I wonder however, in the same fashion, if my function had three args and kwargs, and I wanted to keep arg1, arg3 and kwargs costant, how could I pass arg2 as a list for multiprocessing? In essence, how will I inidicate multiprocessing that map(partial(test_func, 'This is arg1', 'This would be arg3', **just_a_dict), arg2) the second value in partial corresponds to arg3 and not arg2?

The Update 1 code would have change as follow:

# The function signature
def test_func(arg1, arg2, arg3, **kwargs):

# The map call
pool.map(partial(test_func, 'This is arg1', arg3='This is arg3', **just_a_dict), list_of_args2)

This can be done using the python positional and keyword assignment. Note that the kwargs is left aside and not assigned using a keyword despite the fact that it's located after a keyword assigned value.

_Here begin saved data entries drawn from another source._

lemma commutator_mem_xpow_multiples_of_generators:
  fixes a c :: "'k::field freealg"
  assumes "N \<ge> 1"
    and x: "genx * c - c * genx \<in> inA N (xpow_multiples N)"
    and y: "geny * c - c * geny \<in> inA N (xpow_multiples N)"
  shows "a * c - c * a \<in> inA N (xpow_multiples N)"
proof (induction a rule: freealg_induct)
  case (scal d)
  then show ?case
    using lin_closed_zero[OF lin_closed_inA[OF lin_closed_xpow_multiples]] by (simp add: scal_commute)
next
  case (add f g)
  have "(f + g) * c - c * (f + g) = (f * c - c * f) + (g * c - c * g)"
    by (simp add: algebra_simps)
  also have "\<dots> \<in> inA N (xpow_multiples N)"
    by (rule lin_closed_add[OF lin_closed_inA[OF lin_closed_xpow_multiples] add.IH])
  finally show ?case .
next
  case (mult f g)
  then show ?case
    by (rule commutator_mult_mem_xpow_multiples[OF assms(1)])
qed (fact x y)+

lemma commutator_mem_xpow_multiples:
  fixes a b :: "'k::field freealg"
  assumes "N \<ge> 1"
  shows "a * b - b * a \<in> inA N (xpow_multiples N)"
proof -
  let ?J = "inA N (xpow_multiples N) :: 'k freealg set"
  have J: "lin_closed ?J"
    by (rule lin_closed_inA[OF lin_closed_xpow_multiples])
  have "genx ^ N * 1 \<in> ?J"
    by (rule subset_inA[THEN subsetD]) blast
  moreover have "relA N \<in> ?J"
    by (rule tsideal_subset_inA[OF lin_closed_zero[OF lin_closed_xpow_multiples], THEN subsetD])
      (rule tsideal_generator)
  ultimately have "genx ^ N * 1 + relA N \<in> ?J"
    by (rule lin_closed_add[OF J])
  then have yx: "geny * genx - genx * geny \<in> ?J"
    by (simp add: relA_def)
  then have xy: "genx * geny - geny * genx \<in> ?J"
    using lin_closed_uminus[OF J] by fastforce
  have x: "f * genx - genx * f \<in> ?J" for f :: "'k freealg"
    by (rule commutator_mem_xpow_multiples_of_generators[OF assms])
      (use lin_closed_zero[OF J] in simp, rule yx)
  have y: "f * geny - geny * f \<in> ?J" for f :: "'k freealg"
    by (rule commutator_mem_xpow_multiples_of_generators[OF assms])
      (rule xy, use lin_closed_zero[OF J] in simp)
  show ?thesis
  proof (rule commutator_mem_xpow_multiples_of_generators[OF assms])
    show "genx * b - b * genx \<in> ?J"
      using lin_closed_uminus[OF J x[of b]] by simp
    show "geny * b - b * geny \<in> ?J"
      using lin_closed_uminus[OF J y[of b]] by simp
  qed
qed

More information about argument assignment differences can be found here.

Amiram
  • 1,227
  • 6
  • 14
  • Hi @Amiram, I've just realised that I forgot to mention that `tasks` is my `result_col` parameter! Hence the trouble... Many thanks though! p.s.: I just edited the question so that's clearer! – Adam B. Jan 20 '20 at 09:44
  • Are you still having a problem? – Amiram Jan 20 '20 at 09:58
  • Yes, still haven't figured out how to pass the first argument and kwargs (which are constant) to the function and the second argument as the iterable for multiprocessing. – Adam B. Jan 20 '20 at 10:20
  • I wonder however, in the same fashion, if my function had three args and kwargs, and I wanted to keep arg1, arg3 and kwargs costant, how could I pass arg2 as a list for multiprocessing? In essence, how will I inidicate multiprocessing that `map(partial(test_func, 'This is arg1', 'This would be arg3', **just_a_dict), arg2)` the second value in partial corresponds to arg3 and not arg2? – Adam B. Jan 21 '20 at 09:46
  • I have added another update to the original answer. – Amiram Jan 21 '20 at 10:54
3

If there is a piece of data that is constant/fixed across all works/jobs, then it is better to "initialize" the processes in the pool with this fixed data during the creation of the pool and map over the varying data. This avoids resending of fixed data with every job request. In your case, I'd do something like the following:

df = None
kw = {}

def initialize(df_in, kw_in):
    global df, kw
    df, kw = df_in, kw_in

def worker(data):
    # computation involving df, kw, and data
    ...

...
    with multiprocessing.Pool(max_number_processes, intializer, (base, keywords)) as pool:
        pool.map(worker, varying_data)

This gist contains a full blown example of using the initializer. This blog post explains the performance gains from using initializer.